## Task goal
Copy all records verbatim.
** Entries provided follows **
subsection \<open>The ideal condition and linear independence\<close>

lemma homogeneous_gen_ideal_element:
  fixes f :: "nat \<Rightarrow> 'n::finite cpoly"
  assumes hf: "\<forall>i<P. homogeneous m (f i)" and p: "p \<in> gen_ideal P f"
    and hp: "homogeneous (m + k) p"
  shows "\<exists>l. (\<forall>i. homogeneous k (l i)) \<and> p = (\<Sum>i<P. l i * f i)"
proof -
  obtain h where h: "p = (\<Sum>i<P. h i * f i)" using p by (auto simp: gen_ideal_def)
  have "p = hom_part (m + k) p" using hp by (simp add: homogeneous_iff_hom_part)
  also have "\<dots> = (\<Sum>i<P. hom_part (m + k) (h i * f i))" by (simp add: h hom_part_sum)
  also have "\<dots> = (\<Sum>i<P. hom_part k (h i) * f i)"
  proof (intro sum.cong refl)
    fix i assume "i \<in> {..<P}"
    then have "homogeneous m (f i)" using hf by simp
    from hom_part_mult_homogeneous[OF this, of "m + k" "h i"]
    show "hom_part (m + k) (h i * f i) = hom_part k (h i) * f i" by simp
  qed
  finally have "p = (\<Sum>i<P. hom_part k (h i) * f i)" .
  then show ?thesis by (intro exI[of _ "\<lambda>i. hom_part k (h i)"]) (simp add: homogeneous_hom_part)
qed

lemma var_mult_linear_combination:
  fixes f :: "nat \<Rightarrow> 'n::finite cpoly"
  assumes hf: "\<forall>i<P. homogeneous m (f i)" and hg: "homogeneous m g"
    and incl: "hom_comp (gen_ideal 1 (\<lambda>_. g)) (m + 1) \<subseteq> hom_comp (gen_ideal P f) (m + 1)"
  shows "\<exists>l. (\<forall>i. homogeneous 1 (l i)) \<and> var v * g = (\<Sum>i<P. l i * f i)"
proof -
  have "var v * g \<in> hom_comp (gen_ideal 1 (\<lambda>_. g)) (m + 1)"
    using homogeneous_var_mult[OF hg]
    by (auto simp: hom_comp_def gen_ideal_def intro: exI[of _ "\<lambda>_. var v"])
  with incl have "var v * g \<in> gen_ideal P f" "homogeneous (m + 1) (var v * g)"
    by (auto simp: hom_comp_def)
  then show ?thesis by (rule homogeneous_gen_ideal_element[OF hf])
qed

lemma lin_indep_fam_not_in_span:
  assumes "lin_indep_fam P f g"
  shows "g \<noteq> (\<Sum>i<P. const (c i) * f i)"
proof
  assume "g = (\<Sum>i<P. const (c i) * f i)"
  then have "(\<Sum>i<P. cscale (- c i) (f i)) + cscale 1 g = 0"
    by (simp add: cscale_eq_const_mult single_uminus sum_negf)
  from assms[unfolded lin_indep_fam_def, rule_format, OF this] show False by simp
qed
** End of Entries provided **
## Task solution
subsection \<open>The ideal condition and linear independence\<close>

lemma homogeneous_gen_ideal_element:
  fixes f :: "nat \<Rightarrow> 'n::finite cpoly"
  assumes hf: "\<forall>i<P. homogeneous m (f i)" and p: "p \<in> gen_ideal P f"
    and hp: "homogeneous (m + k) p"
  shows "\<exists>l. (\<forall>i. homogeneous k (l i)) \<and> p = (\<Sum>i<P. l i * f i)"
proof -
  obtain h where h: "p = (\<Sum>i<P. h i * f i)" using p by (auto simp: gen_ideal_def)
  have "p = hom_part (m + k) p" using hp by (simp add: homogeneous_iff_hom_part)
  also have "\<dots> = (\<Sum>i<P. hom_part (m + k) (h i * f i))" by (simp add: h hom_part_sum)
  also have "\<dots> = (\<Sum>i<P. hom_part k (h i) * f i)"
  proof (intro sum.cong refl)
    fix i assume "i \<in> {..<P}"
    then have "homogeneous m (f i)" using hf by simp
    from hom_part_mult_homogeneous[OF this, of "m + k" "h i"]
    show "hom_part (m + k) (h i * f i) = hom_part k (h i) * f i" by simp
  qed
  finally have "p = (\<Sum>i<P. hom_part k (h i) * f i)" .
  then show ?thesis by (intro exI[of _ "\<lambda>i. hom_part k (h i)"]) (simp add: homogeneous_hom_part)
qed

lemma var_mult_linear_combination:
  fixes f :: "nat \<Rightarrow> 'n::finite cpoly"
  assumes hf: "\<forall>i<P. homogeneous m (f i)" and hg: "homogeneous m g"
    and incl: "hom_comp (gen_ideal 1 (\<lambda>_. g)) (m + 1) \<subseteq> hom_comp (gen_ideal P f) (m + 1)"
  shows "\<exists>l. (\<forall>i. homogeneous 1 (l i)) \<and> var v * g = (\<Sum>i<P. l i * f i)"
proof -
  have "var v * g \<in> hom_comp (gen_ideal 1 (\<lambda>_. g)) (m + 1)"
    using homogeneous_var_mult[OF hg]
    by (auto simp: hom_comp_def gen_ideal_def intro: exI[of _ "\<lambda>_. var v"])
  with incl have "var v * g \<in> gen_ideal P f" "homogeneous (m + 1) (var v * g)"
    by (auto simp: hom_comp_def)
  then show ?thesis by (rule homogeneous_gen_ideal_element[OF hf])
qed

lemma lin_indep_fam_not_in_span:
  assumes "lin_indep_fam P f g"
  shows "g \<noteq> (\<Sum>i<P. const (c i) * f i)"
proof
  assume "g = (\<Sum>i<P. const (c i) * f i)"
  then have "(\<Sum>i<P. cscale (- c i) (f i)) + cscale 1 g = 0"
    by (simp add: cscale_eq_const_mult single_uminus sum_negf)
  from assms[unfolded lin_indep_fam_def, rule_format, OF this] show False by simp
qed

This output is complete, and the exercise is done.